* **What you are asked to do**
Below are some records; work out how many of their lines contain "using" and give the number only.

Records from a data source:

lemma kindep_snoc:
  fixes ps :: "'a::field mpoly4 list"
  assumes indep: "kindep ps" and notin: "v \<notin> vs.span (set ps)"
  shows "kindep (ps @ [v])"
  unfolding kindep_def
proof (intro allI impI)
  fix c i
  let ?n = "length ps"
  let ?s = "\<Sum>j<?n. Const (c j) * ps ! j"
  assume rel: "(\<Sum>j<length (ps @ [v]). Const (c j) * (ps @ [v]) ! j) = 0"
    and i: "i < length (ps @ [v])"
  have "(\<Sum>j<length (ps @ [v]). Const (c j) * (ps @ [v]) ! j) = ?s + Const (c ?n) * v"
    by (simp add: nth_append)
  with rel have "?s + Const (c ?n) * v = 0"
    by simp
  then have last: "Const (c ?n) * v = - ?s"
    by (rule minus_unique[symmetric])
  have "c ?n = 0"
  proof (rule ccontr)
    assume "c ?n \<noteq> 0"
    then have "v = Const (1 / c ?n) * (Const (c ?n) * v)"
      by (simp add: Const_mult_Const_mult)
    also have "\<dots> \<in> vs.span (set ps)"
      unfolding last by (intro vs.span_scale vs.span_neg vs.span_sum vs.span_base) simp
    finally show False
      using notin by contradiction
  qed
  with last have "?s = 0"
    by simp
  then have "c j = 0" if "j < ?n" for j
    using indep[unfolded kindep_def, rule_format, of c j] that by blast
  then show "c i = 0"
    using i \<open>c ?n = 0\<close> by (cases "i = ?n") auto
qed

lemma Var_notin_spanE:
  assumes "finite S" "card S < 4"
  obtains i where "Var i \<notin> vs.span (S :: 'a::field mpoly4 set)"
proof -
  have inj: "inj (Var :: 4 \<Rightarrow> 'a mpoly4)"
    by (rule injI) (metis lookup_Var one_neq_zero)
  have "vs.independent (range (Var :: 4 \<Rightarrow> 'a mpoly4))"
  proof
    assume "vs.dependent (range (Var :: 4 \<Rightarrow> 'a mpoly4))"
    then obtain u where u: "\<exists>v\<in>range Var. u v \<noteq> 0"
      "(\<Sum>v\<in>range (Var :: 4 \<Rightarrow> 'a mpoly4). Const (u v) * v) = 0"
      using vs.dependent_finite[of "range Var"] by auto
    have "lookup (\<Sum>i\<in>UNIV. Const (u (Var i)) * (Var i :: 'a mpoly4)) (single j 1) = u (Var j)" for j
      by (simp add: lookup_sum lookup_Const_mult lookup_Var if_distrib cong: if_cong)
    then show False
      using u by (simp add: sum.reindex[OF inj])
  qed
  moreover have "card (range (Var :: 4 \<Rightarrow> 'a mpoly4)) = 4"
    using card_image[OF inj] by simp
  ultimately have "\<not> range Var \<subseteq> vs.span S"
    using vs.independent_span_bound[OF assms(1)] assms(2) by fastforce
  then obtain i where "Var i \<notin> vs.span S"
    by blast
  then show thesis
    by (rule that)
qed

* **Written response**
7